Profiling
In the most recent version of VASP, profiling routines were added to all important routines in VASP. Using profiling will print at the end of the OUTCAR a list of all routines called during the specific run of VASP, its overall execution time, the number of times it was called and the level at which it was called.
Compilation
To add support for profiling add -DPROFILING
to the already existing preprocessor flags
CPP = $(CPP_) -DMPI .... -DPROFILING
Then you have to entirely recompile VASP by executing
make clean make vasp
Support for new routines
If you want to include newly developed routines to the profiling, you have to include the profiling module (if it is not already included in the enclosing module your routine is in) by adding
USE profiling
Furthermore you have to put the following statement at the very beginning of the routine with the name [name]

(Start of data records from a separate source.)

(* Let $P$ be a finite bounded poset with minimum $\hat{0}$ and maximum $\hat{1}$, and let $h$ be a height function on $P$. Then $$\mathsf{Z}_{P,h}([-1]_q)=q^{-h(\hat{0})-h(\hat{1})}\,\mu_P(\hat{0},\hat{1}),$$ where $\mu_P$ is the Möbius function of $P$.
   Context: $q$ is an indeterminate; $[n]_q=(q^n-1)/(q-1)$ for $n\in\mathbb{Z}$ (so $[-1]_q=-q^{-1}$). A height function is $h:P\to\mathbb{N}$ with $h(x)<h(y)$ whenever $y$ covers $x$. For a tuple $a$ of $k$ distinct nonnegative integers, $\mathsf{E}_a\in\mathbb{Q}(q)[x]$ is the unique polynomial with $\mathsf{E}_a([n]_q)=\sum_{m\in\mathbb{N}^k,\sum m_i=n}q^{\sum a_im_i}$ for $n\ge0$. The $q$-Zeta polynomial is $\mathsf{Z}_{P,h}(x)=\sum_{k\ge1}\sum_{c_1<\cdots<c_k\text{ in }P}q^{\sum_i h(c_i)}\mathsf{E}_{(h(c_1),\dots,h(c_k))}((x-[k+1]_q)/q^{k+1})$; it is the unique polynomial with $\mathsf{Z}_{P,h}([n]_q)=\sum_{e_1\le\cdots\le e_{n-1}}q^{\sum_j h(e_j)}$ for all $n\ge2$. *)

theory Defs
  imports "HOL-Computational_Algebra.Polynomial" "HOL-Computational_Algebra.Fraction_Field"
begin

type_synonym qfun = "rat poly fract"

definition qvar :: qfun where
  "qvar = Fract [:0, 1:] 1"

definition qint :: "int \<Rightarrow> qfun" where
  "qint n = (qvar powi n - 1) / (qvar - 1)"

definition qE :: "nat list \<Rightarrow> qfun poly" where
  "qE a = (THE p. \<forall>n::nat. poly p (qint (int n)) =
      (\<Sum>m\<in>{m :: nat list. length m = length a \<and> sum_list m = n}.
          qvar ^ (\<Sum>i<length a. a ! i * m ! i)))"

definition covers_in :: "'a::order set \<Rightarrow> 'a \<Rightarrow> 'a \<Rightarrow> bool" where
  "covers_in P x y \<longleftrightarrow> x \<in> P \<and> y \<in> P \<and> x < y \<and> \<not> (\<exists>z\<in>P. x < z \<and> z < y)"

definition height_function :: "'a::order set \<Rightarrow> ('a \<Rightarrow> nat) \<Rightarrow> bool" where
  "height_function P h \<longleftrightarrow> (\<forall>x y. covers_in P x y \<longrightarrow> h x < h y)"

definition chains_in :: "'a::order set \<Rightarrow> 'a list set" where
  "chains_in P = {cs. cs \<noteq> [] \<and> set cs \<subseteq> P \<and> sorted_wrt (<) cs}"

definition qZeta :: "'a::order set \<Rightarrow> ('a \<Rightarrow> nat) \<Rightarrow> qfun poly" where
  "qZeta P h = (\<Sum>cs\<in>chains_in P.
      let k = length cs in
      smult (qvar ^ sum_list (map h cs))
        (pcompose (qE (map h cs))
           [: - qint (int k + 1) / qvar ^ (k + 1), 1 / qvar ^ (k + 1) :]))"

text \<open>Moebius function of the poset P (recursion with fuel card P, which suffices
  since every strict chain in P has at most card P elements).\<close>
fun mob_aux :: "nat \<Rightarrow> 'a::order set \<Rightarrow> 'a \<Rightarrow> 'a \<Rightarrow> int" where
  "mob_aux 0 P x y = (if x = y then 1 else 0)"
| "mob_aux (Suc n) P x y =
     (if x = y then 1
      else if x < y then - (\<Sum>z\<in>{z\<in>P. x \<le> z \<and> z < y}. mob_aux n P x z)
      else 0)"

definition moebius :: "'a::order set \<Rightarrow> 'a \<Rightarrow> 'a \<Rightarrow> int" where
  "moebius P x y = mob_aux (card P) P x y"

end

theory Submission
  imports Defs
begin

#ifdef PROFILING CALL START_PROFILING('[name]') #endif
and at every possible return to the outer subroutine you have to put
#ifdef PROFILING CALL STOP_PROFILING('[name]') #endif
Mind that there are sometimes other #ifdef
constructs, which change the starting or return point of subroutines.
If a subroutine is not started or not stopped appropriately the profiling will get messed up. There is still some room for improvement, but it works so far.

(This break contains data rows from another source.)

(* The regular module $\mathbb{M}_2$ is injective as a bigraded $\mathbb{M}_2$-module (in the category of bigraded $\mathbb{M}_2$-modules and bidegree-preserving homomorphisms).
   Context: $\mathbb{M}_2$ is the bigraded commutative $\mathbb{F}_2$-algebra with $\mathbb{F}_2$-basis the elements $\rho^m\tau^n$ ($m,n\ge0$) in bidegree $(m,m+n)$ and $\frac{\theta}{\rho^m\tau^n}$ ($m,n\ge 0$) in bidegree $(-m,-2-m-n)$; multiplication: $\rho^a\tau^b\cdot\rho^c\tau^d=\rho^{a+c}\tau^{b+d}$, $\rho^a\tau^b\cdot\frac{\theta}{\rho^c\tau^d}=\frac{\theta}{\rho^{c-a}\tau^{d-b}}$ if $a\le c,b\le d$ and $0$ otherwise, and the product of two elements of the form $\frac{\theta}{\rho^c\tau^d}$ is $0$. (It is $H^{*,*}(pt;\underline{\mathbb{F}_2})$.) *)

theory Defs
  imports Main
begin

text \<open>F_2-basis of M_2: RT m n stands for rho^m tau^n, Th m n stands for theta/(rho^m tau^n).\<close>
datatype m2b = RT nat nat | Th nat nat

fun m2deg :: "m2b \<Rightarrow> int \<times> int" where
  "m2deg (RT m n) = (int m, int m + int n)"
| "m2deg (Th m n) = (- int m, -2 - int m - int n)"

text \<open>Product of basis elements (None means the product is 0).\<close>
fun m2mult :: "m2b \<Rightarrow> m2b \<Rightarrow> m2b option" where
  "m2mult (RT a b) (RT c d) = Some (RT (a + c) (b + d))"
| "m2mult (RT a b) (Th c d) = (if a \<le> c \<and> b \<le> d then Some (Th (c - a) (d - b)) else None)"
| "m2mult (Th c d) (RT a b) = (if a \<le> c \<and> b \<le> d then Some (Th (c - a) (d - b)) else None)"
| "m2mult (Th _ _) (Th _ _) = None"

text \<open>Elements of M_2 are F_2-linear combinations of basis elements, i.e. finite sets of
  basis elements; addition is symmetric difference and multiplication is the bilinear
  extension of m2mult (coefficients mod 2).\<close>
definition m2plus :: "m2b set \<Rightarrow> m2b set \<Rightarrow> m2b set" where
  "m2plus x y = (x - y) \<union> (y - x)"

definition m2times :: "m2b set \<Rightarrow> m2b set \<Rightarrow> m2b set" where
  "m2times x y = {c. odd (card {(s, t). s \<in> x \<and> t \<in> y \<and> m2mult s t = Some c})}"

definition dshift :: "int \<times> int \<Rightarrow> int \<times> int \<Rightarrow> int \<times> int" where
  "dshift d e = (fst d + fst e, snd d + snd e)"

text \<open>A bigraded M_2-module M = \<oplus>_{d} M_d is given by the family of its homogeneous
  components: bcar M d is the F_2-vector space M_d (with addition badd M d and zero
  bzero M d), and bact M b d : M_d \<rightarrow> M_{d + |b|} is the action of the basis element b.\<close>
record 'a bgmod =
  bcar  :: "int \<times> int \<Rightarrow> 'a set"
  badd  :: "int \<times> int \<Rightarrow> 'a \<Rightarrow> 'a \<Rightarrow> 'a"
  bzero :: "int \<times> int \<Rightarrow> 'a"
  bact  :: "m2b \<Rightarrow> int \<times> int \<Rightarrow> 'a \<Rightarrow> 'a"

definition bigraded_M2_module :: "'a bgmod \<Rightarrow> bool" where
  "bigraded_M2_module M \<longleftrightarrow>
     (\<forall>d. bzero M d \<in> bcar M d
        \<and> (\<forall>x\<in>bcar M d. \<forall>y\<in>bcar M d. badd M d x y \<in> bcar M d)
        \<and> (\<forall>x\<in>bcar M d. \<forall>y\<in>bcar M d. \<forall>z\<in>bcar M d.
              badd M d (badd M d x y) z = badd M d x (badd M d y z))
        \<and> (\<forall>x\<in>bcar M d. \<forall>y\<in>bcar M d. badd M d x y = badd M d y x)
        \<and> (\<forall>x\<in>bcar M d. badd M d (bzero M d) x = x)
        \<and> (\<forall>x\<in>bcar M d. badd M d x x = bzero M d)
        \<and> (\<forall>b. \<forall>x\<in>bcar M d. bact M b d x \<in> bcar M (dshift d (m2deg b)))
        \<and> (\<forall>b. \<forall>x\<in>bcar M d. \<forall>y\<in>bcar M d.
              bact M b d (badd M d x y)
              = badd M (dshift d (m2deg b)) (bact M b d x) (bact M b d y))
        \<and> (\<forall>x\<in>bcar M d. bact M (RT 0 0) d x = x)
        \<and> (\<forall>b c. \<forall>x\<in>bcar M d.
              bact M b (dshift d (m2deg c)) (bact M c d x)
              = (case m2mult b c of
                   None \<Rightarrow> bzero M (dshift (dshift d (m2deg c)) (m2deg b))
                 | Some e \<Rightarrow> bact M e d x)))"

definition bg_hom :: "'a bgmod \<Rightarrow> 'b bgmod \<Rightarrow> (int \<times> int \<Rightarrow> 'a \<Rightarrow> 'b) \<Rightarrow> bool" where
  "bg_hom M N f \<longleftrightarrow>
     (\<forall>d. (\<forall>x\<in>bcar M d. f d x \<in> bcar N d)
        \<and> (\<forall>x\<in>bcar M d. \<forall>y\<in>bcar M d. f d (badd M d x y) = badd N d (f d x) (f d y))
        \<and> (\<forall>b. \<forall>x\<in>bcar M d. f (dshift d (m2deg b)) (bact M b d x) = bact N b d (f d x)))"

definition bg_mono :: "'a bgmod \<Rightarrow> 'b bgmod \<Rightarrow> (int \<times> int \<Rightarrow> 'a \<Rightarrow> 'b) \<Rightarrow> bool" where
  "bg_mono M N f \<longleftrightarrow> bg_hom M N f \<and> (\<forall>d. inj_on (f d) (bcar M d))"

definition M2reg :: "m2b set bgmod" where
  "M2reg = \<lparr> bcar = (\<lambda>d. {x. x \<subseteq> {b. m2deg b = d}}),
             badd = (\<lambda>d. m2plus),
             bzero = (\<lambda>d. {}),
             bact = (\<lambda>b d x. m2times {b} x) \<rparr>"

definition bg_injective :: "'c bgmod \<Rightarrow> 'a itself \<Rightarrow> 'b itself \<Rightarrow> bool" where
  "bg_injective Q (TYPE('a)) (TYPE('b)) \<longleftrightarrow>
     (\<forall>(A :: 'a bgmod) (B :: 'b bgmod) i f.
        bigraded_M2_module A \<longrightarrow> bigraded_M2_module B \<longrightarrow>
        bg_mono A B i \<longrightarrow> bg_hom A Q f \<longrightarrow>
        (\<exists>g. bg_hom B Q g \<and> (\<forall>d. \<forall>x\<in>bcar A d. g d (i d x) = f d x)))"

end

theory Submission
  imports Defs
begin

text \<open>
  The element \<theta> = Th 0 0 spans M_2 in bidegree (0,-2), and every basis element b has a
  unique partner dual b with (dual b) b = \<theta>; more generally (dual e) c = dual t iff c t = e.
  Consequently a homomorphism from a bigraded M_2-module B into M_2 is the same thing as an
  F_2-linear functional \<Lambda> on the single component B_(0,-2): the homomorphism sends y to
  the sum of the basis elements b with \<Lambda>((dual b) y), and conversely one reads off \<Lambda> as
  the \<theta>-coefficient in bidegree (0,-2). Injectivity of M_2 therefore reduces to extending
  an F_2-linear functional along an injective linear map, which Zorn's lemma provides.
\<close>

text \<open>Booleans model F_2, with \<open>\<noteq>\<close> as addition.\<close>
definition linear_functional_on :: "'a set \<Rightarrow> ('a \<Rightarrow> 'a \<Rightarrow> 'a) \<Rightarrow> ('a \<Rightarrow> bool) \<Rightarrow> bool" where
  "linear_functional_on V add \<Lambda> \<longleftrightarrow> (\<forall>x\<in>V. \<forall>y\<in>V. \<Lambda> (add x y) = (\<Lambda> x \<noteq> \<Lambda> y))"

locale f2_space =
  fixes V :: "'a set" and add :: "'a \<Rightarrow> 'a \<Rightarrow> 'a" and zero :: 'a
  assumes zero_closed: "zero \<in> V"
    and add_closed: "x \<in> V \<Longrightarrow> y \<in> V \<Longrightarrow> add x y \<in> V"
    and add_assoc: "x \<in> V \<Longrightarrow> y \<in> V \<Longrightarrow> z \<in> V \<Longrightarrow> add (add x y) z = add x (add y z)"
    and add_commute: "x \<in> V \<Longrightarrow> y \<in> V \<Longrightarrow> add x y = add y x"
    and add_zero_left: "x \<in> V \<Longrightarrow> add zero x = x"
    and add_self: "x \<in> V \<Longrightarrow> add x x = zero"
begin

lemma add_zero_right: "x \<in> V \<Longrightarrow> add x zero = x"
  using add_commute add_zero_left zero_closed by metis

lemma add_add_self_left: "x \<in> V \<Longrightarrow> y \<in> V \<Longrightarrow> add x (add x y) = y"
  by (metis add_assoc add_self add_zero_left)

lemma add_left_commute: "x \<in> V \<Longrightarrow> y \<in> V \<Longrightarrow> z \<in> V \<Longrightarrow> add x (add y z) = add y (add x z)"
  by (metis add_assoc add_commute)

lemma add_left_cancel: "x \<in> V \<Longrightarrow> y \<in> V \<Longrightarrow> z \<in> V \<Longrightarrow> add x y = add x z \<Longrightarrow> y = z"
  by (metis add_add_self_left)

lemma linear_functional_zero: "linear_functional_on V add \<Lambda> \<Longrightarrow> \<not> \<Lambda> zero"
  unfolding linear_functional_on_def using add_self zero_closed by fastforce

text \<open>Graphs of linear functionals on subspaces; working with graphs makes the union of a
  chain trivially an upper bound in Zorn's lemma.\<close>
definition linear_graph :: "('a \<times> bool) set \<Rightarrow> bool" where
  "linear_graph G \<longleftrightarrow> G \<subseteq> V \<times> UNIV \<and> single_valued G
     \<and> (\<forall>x p y q. (x, p) \<in> G \<longrightarrow> (y, q) \<in> G \<longrightarrow> (add x y, p \<noteq> q) \<in> G)"

lemma linear_graphD:
  assumes "linear_graph G"
  shows linear_graph_closed: "(x, p) \<in> G \<Longrightarrow> x \<in> V"
    and linear_graph_unique: "(x, p) \<in> G \<Longrightarrow> (x, q) \<in> G \<Longrightarrow> p = q"
    and linear_graph_add: "(x, p) \<in> G \<Longrightarrow> (y, q) \<in> G \<Longrightarrow> (add x y, p \<noteq> q) \<in> G"
  using assms unfolding linear_graph_def single_valued_def by blast+

lemma linear_graph_zero: "linear_graph G \<Longrightarrow> (x, p) \<in> G \<Longrightarrow> (zero, False) \<in> G"
  using linear_graph_add[of G x p x p] linear_graph_closed add_self by force

lemma linear_graph_Union_chain:
  assumes "subset.chain {G. linear_graph G} C"
  shows "linear_graph (\<Union>C)"
proof -
  have lin: "\<And>G. G \<in> C \<Longrightarrow> linear_graph G"
    and chain: "\<And>G H. G \<in> C \<Longrightarrow> H \<in> C \<Longrightarrow> G \<subseteq> H \<or> H \<subseteq> G"
    using assms unfolding subset.chain_def by blast+
  have common: "\<exists>G\<in>C. a \<in> G \<and> b \<in> G" if "a \<in> \<Union>C" "b \<in> \<Union>C" for a b
    using that chain by blast
  show ?thesis
    unfolding linear_graph_def single_valued_def
  proof (intro conjI allI impI subsetI)
    show "a \<in> V \<times> UNIV" if "a \<in> \<Union>C" for a
      using that lin linear_graph_closed by (cases a) blast
    show "p = q" if "(x, p) \<in> \<Union>C" "(x, q) \<in> \<Union>C" for x p q
      using common[OF that] lin linear_graph_unique by blast
    show "(add x y, p \<noteq> q) \<in> \<Union>C" if "(x, p) \<in> \<Union>C" "(y, q) \<in> \<Union>C" for x p y q
      using common[OF that] lin linear_graph_add by blast
  qed
qed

In addition one can also profile certain parts of a routine or calls to LAPACK routines by enclosing this parts with calls to START_PROFILING
and STOP_PROFILING
Output
All the timings will be summarized at the end of the OUTCAR file.

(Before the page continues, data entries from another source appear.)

(* Let $\mathbb{X}$ be a smooth reflexive real Banach space with the Kadets–Klee property and $\mathbb{Y}$ a smooth real Banach space. Let $T\in\mathbb{L}(\mathbb{X},\mathbb{Y})$ be of rank one with $\|T\|=1$. If $M_T=\{\pm x\}$ and $(x,Tx)$ is a CPP, then $T$ is not an extreme contraction.
   Context: All Banach spaces are real and of dimension greater than $1$. $\mathbb{X}$ has the Kadets–Klee property if whenever $x_n\rightharpoonup x$ weakly and $\|x_n\|\to\|x\|$, then $x_n\to x$ in norm. $M_T=\{x\in S_{\mathbb{X}}:\|Tx\|=\|T\|\}$. A norm one $T$ is an extreme contraction if it is an extreme point of the closed unit ball of $\mathbb{L}(\mathbb{X},\mathbb{Y})$. $B(x,r)=\{u:\|u-x\|<r\}$. $x\perp_B y$ means $\|x+\lambda y\|\ge\|x\|$ for all real $\lambda$; $x^\perp=\{y:x\perp_By\}$. For $x\in S_{\mathbb{X}}$, $y\in S_{\mathbb{Y}}$, $(x,y)$ is a CPP if there exist $r>0,\mu>0$ such that for all $z\in x^\perp\cap S_{\mathbb{X}}$, all $w\in y^\perp\cap S_{\mathbb{Y}}$ and all $a,b\in\mathbb{R}$, $ax+bz\in B(x,r)\cap S_{\mathbb{X}}$ implies $\|ay+b\mu w\|\le1$. *)

theory Defs
  imports "HOL-Analysis.Analysis"
begin

definition dim_gt_one :: "'a::real_vector itself \<Rightarrow> bool" where
  "dim_gt_one _ \<longleftrightarrow> (\<exists>u v::'a. u \<noteq> v \<and> independent {u, v})"

definition smooth_space :: "'a::real_normed_vector itself \<Rightarrow> bool" where
  "smooth_space _ \<longleftrightarrow>
     (\<forall>x::'a. norm x = 1 \<longrightarrow> (\<exists>!f::'a \<Rightarrow>\<^sub>L real. norm f = 1 \<and> blinfun_apply f x = 1))"

definition reflexive_space :: "'a::real_normed_vector itself \<Rightarrow> bool" where
  "reflexive_space _ \<longleftrightarrow>
     (\<forall>\<phi>::('a \<Rightarrow>\<^sub>L real) \<Rightarrow>\<^sub>L real. \<exists>x::'a. \<forall>f. blinfun_apply \<phi> f = blinfun_apply f x)"

definition weak_conv :: "(nat \<Rightarrow> 'a::real_normed_vector) \<Rightarrow> 'a \<Rightarrow> bool" where
  "weak_conv xs x \<longleftrightarrow>
     (\<forall>f::'a \<Rightarrow>\<^sub>L real. (\<lambda>n. blinfun_apply f (xs n)) \<longlonglongrightarrow> blinfun_apply f x)"

definition kadets_klee :: "'a::real_normed_vector itself \<Rightarrow> bool" where
  "kadets_klee _ \<longleftrightarrow>
     (\<forall>(xs::nat \<Rightarrow> 'a) x. weak_conv xs x \<and> (\<lambda>n. norm (xs n)) \<longlonglongrightarrow> norm x
        \<longrightarrow> xs \<longlonglongrightarrow> x)"

definition norm_attain_set :: "('a::real_normed_vector \<Rightarrow>\<^sub>L 'b::real_normed_vector) \<Rightarrow> 'a set" where
  "norm_attain_set T = {x. norm x = 1 \<and> norm (blinfun_apply T x) = norm T}"

definition extreme_contraction :: "('a::real_normed_vector \<Rightarrow>\<^sub>L 'b::real_normed_vector) \<Rightarrow> bool" where
  "extreme_contraction T \<longleftrightarrow> norm T = 1 \<and> T extreme_point_of (cball 0 1)"

definition rank_one :: "('a::real_normed_vector \<Rightarrow>\<^sub>L 'b::real_normed_vector) \<Rightarrow> bool" where
  "rank_one T \<longleftrightarrow> (\<exists>y. y \<noteq> 0 \<and> range (blinfun_apply T) = span {y})"

definition birkhoff_orth :: "'a::real_normed_vector \<Rightarrow> 'a \<Rightarrow> bool" where
  "birkhoff_orth x y \<longleftrightarrow> (\<forall>t::real. norm (x + t *\<^sub>R y) \<ge> norm x)"

definition orth_set :: "'a::real_normed_vector \<Rightarrow> 'a set" where
  "orth_set x = {y. birkhoff_orth x y}"

definition CPP :: "'a::real_normed_vector \<Rightarrow> 'b::real_normed_vector \<Rightarrow> bool" where
  "CPP x y \<longleftrightarrow> norm x = 1 \<and> norm y = 1 \<and>
     (\<exists>r>0. \<exists>\<mu>>0. \<forall>z \<in> orth_set x \<inter> sphere 0 1. \<forall>w \<in> orth_set y \<inter> sphere 0 1.
        \<forall>a b::real. a *\<^sub>R x + b *\<^sub>R z \<in> ball x r \<inter> sphere 0 1
           \<longrightarrow> norm (a *\<^sub>R y + (b * \<mu>) *\<^sub>R w) \<le> 1)"

end

theory Submission
  imports Defs
begin

text \<open>Since \<open>T\<close> has rank one, \<open>T v = g v \<cdot> y\<close> with \<open>y = T x\<close> and a functional \<open>g\<close> of norm
  at most one whose only maximizer on the unit ball is \<open>x\<close>.  Reflexivity and the Kadets--Klee
  property give a uniform gap: \<open>\<bar>g u\<bar> \<le> 1 - \<delta>\<close> on the unit sphere outside the
  \<open>r\<close>-balls around \<open>\<plusminus>x\<close>.  Pick a unit \<open>w\<close> Birkhoff--James orthogonal to \<open>y\<close> and a
  norm-one \<open>h\<close> with \<open>h x = 0\<close>, and put \<open>S v = \<epsilon> h v \<cdot> w\<close>.  Near \<open>\<plusminus>x\<close> the CPP
  inequality bounds \<open>(T \<plusminus> S) u\<close>, away from them the gap does; hence \<open>\<parallel>T \<plusminus> S\<parallel> \<le> 1\<close>
  and \<open>T\<close> is the midpoint of \<open>T - S\<close> and \<open>T + S\<close>.\<close>

section \<open>Weak compactness and the norm gap\<close>

lemma cluster_point_in_closed:
  assumes "inf (nhds a) F \<noteq> bot" "eventually (\<lambda>x. x \<in> C) F" "closed C"
  shows "a \<in> C"
proof (rule ccontr)
  assume "a \<notin> C"
  then have "eventually (\<lambda>x. x \<in> - C) (nhds a)"
    using assms(3) by (intro eventually_nhds_in_open) (auto simp: open_Compl)
  with assms(2) have "eventually (\<lambda>_. False) (inf (nhds a) F)"
    unfolding eventually_inf by blast
  with assms(1) show False
    by (simp add: trivial_limit_def)
qed

lemma compact_PiE_cball_dual_norm:
  "compact (Pi\<^sub>E UNIV (\<lambda>k :: 'a::real_normed_vector \<Rightarrow>\<^sub>L real. cball (0::real) (norm k)))"
  using compactin_PiE[of "\<lambda>_. euclidean" UNIV "\<lambda>k :: 'a \<Rightarrow>\<^sub>L real. cball (0::real) (norm k)"]
  by (simp add: euclidean_product_topology compactin_euclidean_iff)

PROFILE, used timers: 2017 ============================= index routine time calls level ---------------------------------------------------------------------------------------------- 1 total_time 4134.378029 1 1 2 initialization 21.859301 1 2 6 init_mpi 2.456473 1 3 7 m_init 2.312794 1 4 . . . . . . . . . . . . . . . 721 loop+ 4112.458616 1 2 727 elmin_all 3857.453593 1 3 734 potlok 6.538449 20 4 735 fft3d_mpi 2.587358 80 5 736 fftbrc_mpi 2.545392 80 6 737 fftbas_plan_mpi 2.545311 80 7 743 map_forward 2.228926 120 8 745 m_alltoallv_z 2.208413 80 9
In the first row we have just an index number, then the name of the called routine, its total execution time at this place in the program, the number of calls and the nesting level inside VASP (so total_time
has level 1
, since it includes all other routines. initialization
is called from inside total_time
so it has level 2
and so on. After the detailed profile a so called Flat profile in printed
Flat profile ============ routine name CPU calls --------------------------------------------------------------- m_sumb_d 687.598978 6060 fftbas 550.950960 309943 dllmm_kernel 438.080414 29933568 rholm_kernel 371.424660 26191872 racc0_hf 314.036521 150528 rpro1_hf 298.218335 172032 m_bcast_z_from 187.539585 66560 m_alltoall_d 183.903689 18992 roteta 134.378198 20 pw_charge_trace 130.274880 150528 vhamil_trace 112.664470 143360 linbas 92.481414 658 pdssyex_zheevx 87.056319 289 crrexp_mul_gwave 75.224447 29933568 orth1 50.643717 2632 rs_coulomb_green_func 50.344199 2822 . . . . . . . . .
Here all execution times of a routine are summed up and all timings from routines called from inside this routine are subtraced. So we get the real execution time of this routine and can track down the most time consuming routines for this specific run.